Глава 4 Пролом в крыше

— Ваше высокоблагородие, Иван Александрович, вам-то зачем лезть? — с тревогой и недовольством спросил пристав Ухтомский. — Сейчас человека пошлю, слазает, дыру замерит, все скажет.

Я только пожал плечами, посмотрел на старика удивленным взглядом — мол, как это без меня? — и взялся за перекладину. Проникновение совершено через крышу, надобно лично осмотреть. Посмотреть, пощупать, а не то, знаю я этих торгашей. Вдруг никакой кражи нет, а есть попытка получить страховку?

Сегодня ночью ограбили лавку купца Тугулукова. Чисто формально, с точки зрения закона, если похищение собственности совершено тайно, то это кража. Но купец, примчавшийся в полицейский участок ни свет, ни заря, орал, что его именно ограбили! Приказчик, открывший лавку с утра обнаружил, что внутри хозяйничал посторонний — кое-что из товаров пропало, люк, ведущий на чердак открыт, в крыше зияет дыра! Значит, преступник (или преступники)проникли в помещение сверху.

Центральная часть города Череповца застроена, в основном, двухэтажными зданиями. Первый этаж каменный, где располагалась лавка, второй жилой, деревянный.

Впрочем, имелись и одноэтажные здания — и лавки, и жилые дома. Лавка купца Тугулукова как раз и была одноэтажной. Здание, кстати, одно из самых старых в городе, год постройки едва не начала века. Построена основательно, крыша покрыта железом. Двери на ночь запирались, витрины забирались ставнями.

И лавка одна из самых богатых, потому что там продавалось оружие, патроны, и все, что потребно рыболову-любителю. Да, а еще всякие перочинные ножички. Помню-помню, как титулярный советник Виноградов украл на ярмарке сундучок с красивыми ножичками и пытался продать их купцу за сто пятьдесят рублей.
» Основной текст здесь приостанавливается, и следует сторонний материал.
definition Fk_neighbours :: "nat \<Rightarrow> fvert \<Rightarrow> fvert list" where
  "Fk_neighbours n y = (case y of
      U j \<Rightarrow> [U (if j = 1 then 2*n+1 else j - 1), U (if j = 2*n+1 then 1 else j + 1)]
        @ (if j = 1 then [S1] else []) @ (if j = 2*n+1 then [S2] else []) @ (if j = n+1 then [B] else [])
    | V j \<Rightarrow> [V (if j = 1 then 2*n+1 else j - 1), V (if j = 2*n+1 then 1 else j + 1)]
        @ (if j = 1 then [T1] else []) @ (if j = 2*n+1 then [T2] else []) @ (if j = n+1 then [B] else [])
    | B \<Rightarrow> [U (n+1), V (n+1)]
    | S1 \<Rightarrow> [U 1, P 1 1, P 2 1]
    | S2 \<Rightarrow> [U (2*n+1), P 3 1, P 4 1]
    | T1 \<Rightarrow> [V 1, P 1 2, P 3 2]
    | T2 \<Rightarrow> [V (2*n+1), P 2 2, P 4 2]
    | P j r \<Rightarrow> if r = 1 then [if j \<le> 2 then S1 else S2, P j 2] else [P j 1, if odd j then T1 else T2])"

lemma Fk_adj_iff_neighbours:
  assumes "1 \<le> n" and "y \<in> Fk_verts (2*n+1)"
  shows "Fk_adj (2*n+1) y z \<longleftrightarrow> z \<in> set (Fk_neighbours n y)"
  using assms(2,1) unfolding Fk_adj_def Fk_edges_def path_ends_def Fk_neighbours_def
  by (cases rule: Fk_verts_cases; cases z) auto

lemma Fk_involution_automorphism:
  assumes n: "1 \<le> n"
    and verts: "\<And>a. a \<in> Fk_verts (2*n+1) \<Longrightarrow> f a \<in> Fk_verts (2*n+1) \<and> f (f a) = a"
    and nbrs: "\<And>a b. a \<in> Fk_verts (2*n+1) \<Longrightarrow> b \<in> set (Fk_neighbours n a) \<Longrightarrow>
      f b \<in> set (Fk_neighbours n (f a))"
  shows "inverse_automorphisms (Fk_verts (2*n+1)) (Fk_adj (2*n+1)) f f"
proof -
  have "Fk_adj (2*n+1) (f a) (f b)" if ab: "Fk_adj (2*n+1) a b" for a b
  proof -
    have a: "a \<in> Fk_verts (2*n+1)" using Fk_sym_graph[of "2*n+1"] ab unfolding sym_graph_def by auto
    then show ?thesis
      using nbrs ab verts[OF a] Fk_adj_iff_neighbours[OF n] by blast
  qed
  with verts show ?thesis unfolding inverse_automorphisms_def by blast
qed

definition Fk_reflect :: "nat \<Rightarrow> fvert \<Rightarrow> fvert" where
  "Fk_reflect n y = (case y of U i \<Rightarrow> U (2*n+2-i) | V i \<Rightarrow> V (2*n+2-i) | B \<Rightarrow> B
     | S1 \<Rightarrow> S2 | S2 \<Rightarrow> S1 | T1 \<Rightarrow> T2 | T2 \<Rightarrow> T1 | P j r \<Rightarrow> P (5 - j) r)"

(* Internal path vertices are counted from the s-end, so exchanging the cycles reverses every path. *)
definition Fk_swap :: "fvert \<Rightarrow> fvert" where
  "Fk_swap y = (case y of U i \<Rightarrow> V i | V i \<Rightarrow> U i | B \<Rightarrow> B
     | S1 \<Rightarrow> T1 | T1 \<Rightarrow> S1 | S2 \<Rightarrow> T2 | T2 \<Rightarrow> S2
     | P j r \<Rightarrow> P (if j = 2 then 3 else if j = 3 then 2 else j) (3 - r))"

lemma Fk_reflect_automorphism:
  assumes n: "1 \<le> n"
  shows "inverse_automorphisms (Fk_verts (2*n+1)) (Fk_adj (2*n+1)) (Fk_reflect n) (Fk_reflect n)"
proof (rule Fk_involution_automorphism[OF n])
  fix a b assume "a \<in> Fk_verts (2*n+1)" "b \<in> set (Fk_neighbours n a)"
  from this(1) n show "Fk_reflect n b \<in> set (Fk_neighbours n (Fk_reflect n a))"
    using \<open>b \<in> set (Fk_neighbours n a)\<close>
    by (cases rule: Fk_verts_positions) (auto simp: Fk_neighbours_def Fk_reflect_def)
qed (auto simp: Fk_verts_def Fk_reflect_def)

lemma Fk_swap_automorphism:
  assumes n: "1 \<le> n"
  shows "inverse_automorphisms (Fk_verts (2*n+1)) (Fk_adj (2*n+1)) Fk_swap Fk_swap"
proof (rule Fk_involution_automorphism[OF n])
  fix a b assume "a \<in> Fk_verts (2*n+1)" "b \<in> set (Fk_neighbours n a)"
  then show "Fk_swap b \<in> set (Fk_neighbours n (Fk_swap a))"
    by (cases rule: Fk_verts_cases) (auto simp: Fk_neighbours_def Fk_swap_def)
qed (auto simp: Fk_verts_def Fk_swap_def)

lemma Fk_labellingI:
  assumes n: "1 \<le> n" and "d x = 0"
    and "\<And>y. y \<in> Fk_verts (2*n+1) \<Longrightarrow> local_parent_condition d x y (Fk_neighbours n y)"
  shows "unique_parent_labelling (Fk_verts (2*n+1)) (Fk_adj (2*n+1)) x d"
  using Fk_adj_iff_neighbours[OF n] assms(2,3) by (rule unique_parent_labelling_from_lists)

definition cycle_dist :: "nat \<Rightarrow> nat \<Rightarrow> nat \<Rightarrow> int" where
  "cycle_dist k i j = min \<bar>int i - int j\<bar> (int k - \<bar>int i - int j\<bar>)"

definition cycle_end_dist :: "nat \<Rightarrow> nat \<Rightarrow> int" where
  "cycle_end_dist k j = min (int j - 1) (int k - int j)"

(* For a <= n + 1. The two routes to V j are through s_1 and a t-vertex, and through b. *)
definition dist_U :: "nat \<Rightarrow> nat \<Rightarrow> fvert \<Rightarrow> int" where
  "dist_U n a y = (case y of
       U j \<Rightarrow> cycle_dist (2*n+1) a j
     | V j \<Rightarrow> min (int a + 4 + cycle_end_dist (2*n+1) j) (int n + 3 - int a + \<bar>int j - int n - 1\<bar>)
     | B \<Rightarrow> int n + 2 - int a
     | S1 \<Rightarrow> int a
     | S2 \<Rightarrow> min (int a + 1) (2 * int n + 2 - int a)
     | P j r \<Rightarrow> if j \<le> 2 then int a + int r else min (int a + 1 + int r) (2 * int n + 2 - int a + int r)
     | _ \<Rightarrow> min (int a + 3) (2 * int n + 4 - int a))"

definition dist_B :: "nat \<Rightarrow> fvert \<Rightarrow> int" where
  "dist_B n y = (case y of
       U j \<Rightarrow> 1 + \<bar>int j - int n - 1\<bar> | V j \<Rightarrow> 1 + \<bar>int j - int n - 1\<bar> | B \<Rightarrow> 0
     | P _ _ \<Rightarrow> int n + 3 | _ \<Rightarrow> int n + 2)"

definition dist_S1 :: "nat \<Rightarrow> fvert \<Rightarrow> int" where
  "dist_S1 n y = (case y of
       U j \<Rightarrow> 1 + cycle_dist (2*n+1) 1 j
     | V j \<Rightarrow> min (4 + cycle_end_dist (2*n+1) j) (int n + 3 + \<bar>int j - int n - 1\<bar>)
     | B \<Rightarrow> int n + 2 | S1 \<Rightarrow> 0 | S2 \<Rightarrow> 3 | T1 \<Rightarrow> 3 | T2 \<Rightarrow> 3
     | P j r \<Rightarrow> if j \<le> 2 then int r else 4)"

definition dist_P11 :: "nat \<Rightarrow> fvert \<Rightarrow> int" where
  "dist_P11 n y = (case y of
       U j \<Rightarrow> 2 + cycle_dist (2*n+1) 1 j
     | V j \<Rightarrow> min (3 + cycle_dist (2*n+1) 1 j) (int n + 4 + \<bar>int j - int n - 1\<bar>)
     | B \<Rightarrow> int n + 3 | S1 \<Rightarrow> 1 | S2 \<Rightarrow> 4 | T1 \<Rightarrow> 2 | T2 \<Rightarrow> 4
     | P j r \<Rightarrow> if j = 1 then int r - 1 else if j = 2 then int r + 1
                 else if j = 3 then 5 - int r else 5)"

definition dist_P21 :: "nat \<Rightarrow> fvert \<Rightarrow> int" where
  "dist_P21 n y = (case y of
       U j \<Rightarrow> 2 + cycle_dist (2*n+1) 1 j
     | V j \<Rightarrow> min (3 + cycle_dist (2*n+1) (2*n+1) j) (int n + 4 + \<bar>int j - int n - 1\<bar>)
     | B \<Rightarrow> int n + 3 | S1 \<Rightarrow> 1 | S2 \<Rightarrow> 4 | T1 \<Rightarrow> 4 | T2 \<Rightarrow> 2
     | P j r \<Rightarrow> if j = 2 then int r - 1 else if j = 1 then int r + 1
                 else if j = 4 then 5 - int r else 5)"

lemmas Fk_dist_defs = dist_U_def dist_B_def dist_S1_def dist_P11_def dist_P21_def
  cycle_dist_def cycle_end_dist_def

lemma dist_U_labelling:
  assumes n: "1 \<le> n" and a: "1 \<le> a" "a \<le> n+1"
  shows "unique_parent_labelling (Fk_verts (2*n+1)) (Fk_adj (2*n+1)) (U a) (dist_U n a)"
proof (rule Fk_labellingI[OF n])
  fix y assume "y \<in> Fk_verts (2*n+1)"
  from this n show "local_parent_condition (dist_U n a) (U a) y (Fk_neighbours n y)"
    using a by (cases rule: Fk_verts_positions; simp add: local_parent_condition_def Fk_neighbours_def;
      safe?; (simp add: Fk_dist_defs min_def abs_if split: if_splits)?; arith)
qed (simp add: Fk_dist_defs)

lemma dist_B_labelling:
  assumes n: "1 \<le> n"
  shows "unique_parent_labelling (Fk_verts (2*n+1)) (Fk_adj (2*n+1)) B (dist_B n)"
proof (rule Fk_labellingI[OF n])
  fix y assume "y \<in> Fk_verts (2*n+1)"
  from this n show "local_parent_condition (dist_B n) B y (Fk_neighbours n y)"
    by (cases rule: Fk_verts_positions; simp add: local_parent_condition_def Fk_neighbours_def;
      safe?; (simp add: Fk_dist_defs min_def abs_if split: if_splits)?; arith)
qed (simp add: Fk_dist_defs)

lemma dist_S1_labelling:
  assumes n: "1 \<le> n"
  shows "unique_parent_labelling (Fk_verts (2*n+1)) (Fk_adj (2*n+1)) S1 (dist_S1 n)"
proof (rule Fk_labellingI[OF n])
  fix y assume "y \<in> Fk_verts (2*n+1)"
  from this n show "local_parent_condition (dist_S1 n) S1 y (Fk_neighbours n y)"
    by (cases rule: Fk_verts_positions; simp add: local_parent_condition_def Fk_neighbours_def;
      safe?; (simp add: Fk_dist_defs min_def abs_if split: if_splits)?; arith)
qed (simp add: Fk_dist_defs)

lemma dist_P11_labelling:
  assumes n: "1 \<le> n"
  shows "unique_parent_labelling (Fk_verts (2*n+1)) (Fk_adj (2*n+1)) (P 1 1) (dist_P11 n)"
proof (rule Fk_labellingI[OF n])
  fix y assume "y \<in> Fk_verts (2*n+1)"
  from this n show "local_parent_condition (dist_P11 n) (P 1 1) y (Fk_neighbours n y)"
    by (cases rule: Fk_verts_positions; simp add: local_parent_condition_def Fk_neighbours_def;
      safe?; (simp add: Fk_dist_defs min_def abs_if split: if_splits)?; arith)
qed (simp add: Fk_dist_defs)
lemma tp_rel_induct [consumes 1, case_names zero add scale plug]:
  assumes "x \<in> tp_rel s"
    and "P 0"
    and "\<And>x y. P x \<Longrightarrow> P y \<Longrightarrow> P (x + y)"
    and "\<And>x c. P x \<Longrightarrow> P (pm_scale c x)"
    and "\<And>D xs ys. letter_rel s D \<Longrightarrow> P (tp_of_words (plug xs D ys))"
  shows "P x"
  using assms(1)
proof induction
  case (gen_add xs a b ys)
  show ?case unfolding tword_gen_add_eq by (rule assms(5)[OF letter_rel.add])
next
  case (gen_scale xs c a ys)
  show ?case unfolding tword_gen_scale_eq by (rule assms(5)[OF letter_rel.scale])
qed (use assms(2-4) in auto)

lemma tp_of_words_word_rel: "x \<in> word_rel s \<Longrightarrow> tp_of_words x \<in> tp_rel s"
proof (induction rule: word_rel.induct)
  case (plug D xs ys)
  then show ?case
    by cases (simp_all only: tword_gen_add_eq[symmetric] tword_gen_scale_eq[symmetric] tp_rel.gen_add tp_rel.gen_scale)
qed (simp_all add: tp_of_words_add tp_of_words_pm_scale tp_rel.intros)

lemma PA_tp_of_words_plug: "PA (tp_of_words (plug xs D ys)) = tp_of_words (plug (1 # xs) D ys)"
proof (rule additive_poly_mapping_eqI[where f = "\<lambda>D. PA (tp_of_words (plug xs D ys))"])
  show "additive (\<lambda>D. PA (tp_of_words (plug xs D ys)))" "additive (\<lambda>D. tp_of_words (plug (1 # xs) D ys))"
    by (simp_all add: additive_def plug_def pm.lin_ext_add tp_of_words_add PA_add)
qed (cases xs; simp add: plug_def)

lemma PA_tp_rel: "x \<in> tp_rel s \<Longrightarrow> PA x \<in> tp_rel s"
  by (induction rule: tp_rel_induct)
     (simp_all add: PA_add PA_pm_scale PA_tp_of_words_plug tp_of_words_word_rel word_rel.plug tp_rel.intros)
(* If $T$ is a tree with $n$ vertices, then $\nu^*(P_n)\le \nu^*(T)\le \nu^*(K_{1,n-1})$.
   Context: For a finite simple graph $G=(V,E)$ with $\ell=|V|+|E|$, a construction sequence (c-sequence) is a bijection $x:\{1,\dots,\ell\}\to V\sqcup E$ such that every edge $e=uw$ satisfies $x^{-1}(e)>\max\{x^{-1}(u),x^{-1}(w)\}$. The cost of $x$ is $\nu(x)=\sum_{e=uw\in E}\big(2x^{-1}(e)-x^{-1}(u)-x^{-1}(w)\big)$, and $\nu^*(G)$ is the maximum of $\nu(x)$ over all c-sequences for $G$. $P_n$ is the path on $n$ vertices and $K_{1,n-1}$ is the star with a hub adjacent to $n-1$ leaves. *)

theory Defs
  imports Main
begin

definition simple_graph :: "'a set \<Rightarrow> 'a set set \<Rightarrow> bool" where
  "simple_graph V E \<longleftrightarrow> finite V \<and> (\<forall>e\<in>E. \<exists>u w. e = {u, w} \<and> u \<in> V \<and> w \<in> V \<and> u \<noteq> w)"

definition adj :: "'a set set \<Rightarrow> 'a \<Rightarrow> 'a \<Rightarrow> bool" where
  "adj E u w \<longleftrightarrow> {u, w} \<in> E"

definition connected_graph :: "'a set \<Rightarrow> 'a set set \<Rightarrow> bool" where
  "connected_graph V E \<longleftrightarrow> V \<noteq> {} \<and> (\<forall>u\<in>V. \<forall>w\<in>V. (adj E)\<^sup>*\<^sup>* u w)"

definition is_cycle :: "'a set \<Rightarrow> 'a set set \<Rightarrow> 'a list \<Rightarrow> bool" where
  "is_cycle V E cs \<longleftrightarrow> length cs \<ge> 3 \<and> distinct cs \<and> set cs \<subseteq> V \<and>
     (\<forall>i. Suc i < length cs \<longrightarrow> adj E (cs ! i) (cs ! Suc i)) \<and>
     adj E (last cs) (hd cs)"

definition acyclic_graph :: "'a set \<Rightarrow> 'a set set \<Rightarrow> bool" where
  "acyclic_graph V E \<longleftrightarrow> (\<nexists>cs. is_cycle V E cs)"

definition is_tree :: "'a set \<Rightarrow> 'a set set \<Rightarrow> bool" where
  "is_tree V E \<longleftrightarrow> simple_graph V E \<and> connected_graph V E \<and> acyclic_graph V E"

text \<open>Construction sequences: x is a bijection from {1..|V|+|E|} onto V \<squnion> E
  (vertices tagged Inl, edges tagged Inr) such that each edge comes after both endpoints.\<close>
definition c_seq :: "'a set \<Rightarrow> 'a set set \<Rightarrow> (nat \<Rightarrow> 'a + 'a set) \<Rightarrow> bool" where
  "c_seq V E x \<longleftrightarrow> bij_betw x {1..card V + card E} (Inl ` V \<union> Inr ` E) \<and>
     (\<forall>u w. {u, w} \<in> E \<longrightarrow>
        inv_into {1..card V + card E} x (Inr {u, w}) > max (inv_into {1..card V + card E} x (Inl u))
                                                          (inv_into {1..card V + card E} x (Inl w)))"

definition cost :: "'a set \<Rightarrow> 'a set set \<Rightarrow> (nat \<Rightarrow> 'a + 'a set) \<Rightarrow> int" where
  "cost V E x = (let p = inv_into {1..card V + card E} x in
     (\<Sum>e\<in>E. 2 * int (p (Inr e)) - (\<Sum>v\<in>e. int (p (Inl v)))))"

definition nu_star :: "'a set \<Rightarrow> 'a set set \<Rightarrow> int" where
  "nu_star V E = Max {cost V E x | x. c_seq V E x}"

definition path_edges :: "nat \<Rightarrow> nat set set" where
  "path_edges n = {{i, Suc i} | i. Suc i < n}"

definition star_edges :: "nat \<Rightarrow> nat set set" where
  "star_edges n = {{0, i} | i. 1 \<le> i \<and> i < n}"

end

theory Submission
  imports Defs "HOL.Inequalities"
begin

text \<open>
  Write p for the position map of a c-sequence of a graph with L = |V| + |E|. All positions
  together sum to L(L+1)/2, and counting each vertex once per incident edge turns the cost into
  \<nu>(x) = L(L+1) - \<Sum>v (deg v + 2) p(v): only the positions of the vertices matter, and
  any injective placement of the vertices in front of the edges is realised by a c-sequence.
  For a tree on n \<ge> 2 vertices L = 2n - 1 and deg v \<ge> 1, so the subtracted sum splits as
  3 \<Sum>v p(v) + \<Sum>v (deg v - 1) p(v), with 2 \<Sum>v p(v) \<ge> n(n+1) and
  \<Sum>v (deg v - 1) p(v) \<ge> \<Sum>v (deg v - 1) = n - 2; the star attains both bounds by
  placing its hub first. For the path, the n - 2 inner vertices alone force the second sum up to
  (n-2)(n-1)/2, and every tree attains this value: put its vertices first, two leaves last and
  the others in decreasing order of degree (Chebyshev's sum inequality).
\<close>

definition deg :: "'a set set \<Rightarrow> 'a \<Rightarrow> nat" where
  "deg E v = card {e\<in>E. v \<in> e}"

lemma simple_graph_edgeE:
  assumes "simple_graph V E" "e \<in> E"
  obtains u w where "e = {u, w}" "u \<in> V" "w \<in> V" "u \<noteq> w"
  using assms unfolding simple_graph_def by blast

lemma simple_graph_edge_subset: "simple_graph V E \<Longrightarrow> e \<in> E \<Longrightarrow> e \<subseteq> V"
  by (auto elim: simple_graph_edgeE)

lemma simple_graph_finite_vertices: "simple_graph V E \<Longrightarrow> finite V"
  by (simp add: simple_graph_def)

lemma simple_graph_finite_edges: "simple_graph V E \<Longrightarrow> finite E"
  using finite_subset[of E "Pow V"] simple_graph_edge_subset simple_graph_finite_vertices
  by blast

lemma simple_graph_card_edge: "simple_graph V E \<Longrightarrow> e \<in> E \<Longrightarrow> card e = 2"
  by (auto elim: simple_graph_edgeE)

lemma deg_ge_1: "finite E \<Longrightarrow> e \<in> E \<Longrightarrow> v \<in> e \<Longrightarrow> 1 \<le> deg E v"
  using card_gt_0_iff[of "{e\<in>E. v \<in> e}"] by (auto simp: deg_def)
Но, мало того, что украл, так попытался еще и меня подставить.

Но это все лирика, отстраненные воспоминания. А пока — «опергруппа, на выезд», что на практике означает — в лавку отправляется младший городовой, осматривается, на всякий случай материт приказчика (владельца материть не по чину), чешет репу и возвращается в участок. А там уже чешет репу сам пристав — нужно ли сообщать о случившемся судебному следователю, или нет? Не стоит ли вначале доложить господину исправнику, а уж главный начальник сообразит — вытаскивать ли Чернавского или рано? Потом решает — сообщать нужно. Значит, посылают за мной. Коляску не отправляют — у нас все в шаговой доступности. Пока лошадь запрягаешь — сам добегу.

Ухтомский думает — сколько ему человек с собой брать? Выбор-то не слишком большой — народ в разгоне или отсыпается дома. Значит, пристав отправляется сам, прихватив с собой пару человек.

Пока я собираюсь, они уже выдвигаются на позиции и начинают подворовой обход. Или стоят и ждут распоряжений судебного следователя.

И вот, наконец-то являюсь и я, собственной персоной (собирался минут десять, шел еще столько же), и для начала выгоняю из помещения и пристава, и городовых, и приказчика, а заодно и купца (тот что-то вякает — мол, надо товар проверить). Они, паразиты, уже и так мне все следы затоптали, а я и за эксперта-криминалиста, и за служебную собаку.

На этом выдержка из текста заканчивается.